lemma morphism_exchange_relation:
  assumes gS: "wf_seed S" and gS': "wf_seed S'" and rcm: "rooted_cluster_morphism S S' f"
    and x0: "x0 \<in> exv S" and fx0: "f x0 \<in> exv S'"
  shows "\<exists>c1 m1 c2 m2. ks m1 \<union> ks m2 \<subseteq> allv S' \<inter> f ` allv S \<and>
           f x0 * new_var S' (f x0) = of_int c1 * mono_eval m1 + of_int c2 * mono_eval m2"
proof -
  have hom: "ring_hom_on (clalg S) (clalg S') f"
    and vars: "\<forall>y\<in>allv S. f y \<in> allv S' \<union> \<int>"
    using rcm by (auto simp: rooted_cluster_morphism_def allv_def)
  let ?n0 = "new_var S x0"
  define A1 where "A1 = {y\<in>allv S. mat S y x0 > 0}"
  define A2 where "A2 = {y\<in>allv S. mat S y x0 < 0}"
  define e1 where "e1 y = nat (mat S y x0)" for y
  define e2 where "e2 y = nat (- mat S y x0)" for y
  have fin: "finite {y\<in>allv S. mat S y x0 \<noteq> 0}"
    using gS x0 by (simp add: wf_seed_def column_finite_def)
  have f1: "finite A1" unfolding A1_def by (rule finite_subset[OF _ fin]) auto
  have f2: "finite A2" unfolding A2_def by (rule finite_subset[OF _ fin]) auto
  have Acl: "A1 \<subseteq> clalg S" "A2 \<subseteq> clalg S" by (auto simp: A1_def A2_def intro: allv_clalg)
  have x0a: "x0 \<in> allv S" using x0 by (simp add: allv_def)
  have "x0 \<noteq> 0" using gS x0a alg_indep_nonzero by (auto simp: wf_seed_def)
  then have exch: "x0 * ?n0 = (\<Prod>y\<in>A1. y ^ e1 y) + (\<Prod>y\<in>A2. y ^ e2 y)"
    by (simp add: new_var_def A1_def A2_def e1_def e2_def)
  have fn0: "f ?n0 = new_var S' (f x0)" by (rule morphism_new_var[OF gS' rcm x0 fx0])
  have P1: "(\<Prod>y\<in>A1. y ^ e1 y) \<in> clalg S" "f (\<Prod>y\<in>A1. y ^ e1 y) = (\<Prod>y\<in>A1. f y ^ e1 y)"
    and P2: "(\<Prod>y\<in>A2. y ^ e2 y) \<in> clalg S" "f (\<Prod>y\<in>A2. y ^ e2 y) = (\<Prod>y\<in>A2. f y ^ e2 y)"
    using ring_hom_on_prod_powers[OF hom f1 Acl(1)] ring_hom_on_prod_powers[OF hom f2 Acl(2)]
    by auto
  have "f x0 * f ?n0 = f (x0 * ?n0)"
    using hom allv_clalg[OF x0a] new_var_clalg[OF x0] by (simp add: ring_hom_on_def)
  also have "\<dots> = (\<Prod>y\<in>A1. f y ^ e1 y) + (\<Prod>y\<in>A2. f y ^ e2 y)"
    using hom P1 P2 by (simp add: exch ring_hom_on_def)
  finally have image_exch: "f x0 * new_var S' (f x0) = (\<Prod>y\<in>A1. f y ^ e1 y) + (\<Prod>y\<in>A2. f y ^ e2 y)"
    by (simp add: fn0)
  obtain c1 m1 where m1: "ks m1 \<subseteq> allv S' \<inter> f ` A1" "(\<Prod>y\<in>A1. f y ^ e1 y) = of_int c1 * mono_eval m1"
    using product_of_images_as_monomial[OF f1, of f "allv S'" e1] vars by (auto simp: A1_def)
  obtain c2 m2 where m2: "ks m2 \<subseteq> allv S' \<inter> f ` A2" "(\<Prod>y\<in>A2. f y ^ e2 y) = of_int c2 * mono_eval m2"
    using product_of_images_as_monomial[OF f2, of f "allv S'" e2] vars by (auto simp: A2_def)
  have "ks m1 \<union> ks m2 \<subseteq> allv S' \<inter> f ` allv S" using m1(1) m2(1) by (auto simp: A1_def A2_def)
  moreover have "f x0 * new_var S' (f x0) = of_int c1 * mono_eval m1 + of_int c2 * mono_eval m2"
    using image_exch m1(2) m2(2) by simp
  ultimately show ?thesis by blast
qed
---
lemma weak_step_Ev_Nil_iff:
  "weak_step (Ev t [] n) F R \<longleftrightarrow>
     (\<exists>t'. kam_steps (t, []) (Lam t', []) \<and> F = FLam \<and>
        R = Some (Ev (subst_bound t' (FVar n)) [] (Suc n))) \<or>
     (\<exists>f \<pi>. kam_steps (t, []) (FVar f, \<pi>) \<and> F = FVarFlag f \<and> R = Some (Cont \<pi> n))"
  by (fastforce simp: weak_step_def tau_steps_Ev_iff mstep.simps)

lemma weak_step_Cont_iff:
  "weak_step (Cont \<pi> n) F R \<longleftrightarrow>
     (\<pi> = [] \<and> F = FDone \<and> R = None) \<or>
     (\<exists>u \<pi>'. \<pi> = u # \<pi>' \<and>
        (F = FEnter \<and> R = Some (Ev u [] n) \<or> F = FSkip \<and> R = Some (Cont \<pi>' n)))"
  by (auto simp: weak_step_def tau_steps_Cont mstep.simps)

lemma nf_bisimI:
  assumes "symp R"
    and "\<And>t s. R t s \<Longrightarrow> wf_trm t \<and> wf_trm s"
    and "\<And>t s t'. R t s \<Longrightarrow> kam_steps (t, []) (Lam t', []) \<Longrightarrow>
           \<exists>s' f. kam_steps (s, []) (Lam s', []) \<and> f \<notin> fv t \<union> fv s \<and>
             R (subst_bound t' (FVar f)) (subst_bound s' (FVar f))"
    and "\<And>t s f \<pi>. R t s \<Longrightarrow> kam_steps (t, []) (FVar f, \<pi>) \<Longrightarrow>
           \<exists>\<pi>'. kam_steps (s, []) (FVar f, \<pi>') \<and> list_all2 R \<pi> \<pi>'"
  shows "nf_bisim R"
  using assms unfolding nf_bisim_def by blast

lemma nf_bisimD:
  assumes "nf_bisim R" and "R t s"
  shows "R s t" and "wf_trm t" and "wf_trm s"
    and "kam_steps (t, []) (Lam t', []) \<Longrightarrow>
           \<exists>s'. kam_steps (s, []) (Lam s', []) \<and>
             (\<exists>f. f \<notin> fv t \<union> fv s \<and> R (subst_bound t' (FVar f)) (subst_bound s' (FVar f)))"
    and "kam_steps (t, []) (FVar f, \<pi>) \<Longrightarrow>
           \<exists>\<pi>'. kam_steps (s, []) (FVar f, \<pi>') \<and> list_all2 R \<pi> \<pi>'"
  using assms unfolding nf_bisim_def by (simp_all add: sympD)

EXERCISE DETAILS
Return only the stretch of the material above from the line holding "using hom P1" through the line holding "using product_of_images_as_monomial[OF f1, of", copied exactly.

ANSWER SECTION
    using hom P1 P2 by (simp add: exch ring_hom_on_def)
  finally have image_exch: "f x0 * new_var S' (f x0) = (\<Prod>y\<in>A1. f y ^ e1 y) + (\<Prod>y\<in>A2. f y ^ e2 y)"
    by (simp add: fn0)
  obtain c1 m1 where m1: "ks m1 \<subseteq> allv S' \<inter> f ` A1" "(\<Prod>y\<in>A1. f y ^ e1 y) = of_int c1 * mono_eval m1"
    using product_of_images_as_monomial[OF f1, of f "allv S'" e1] vars by (auto simp: A1_def)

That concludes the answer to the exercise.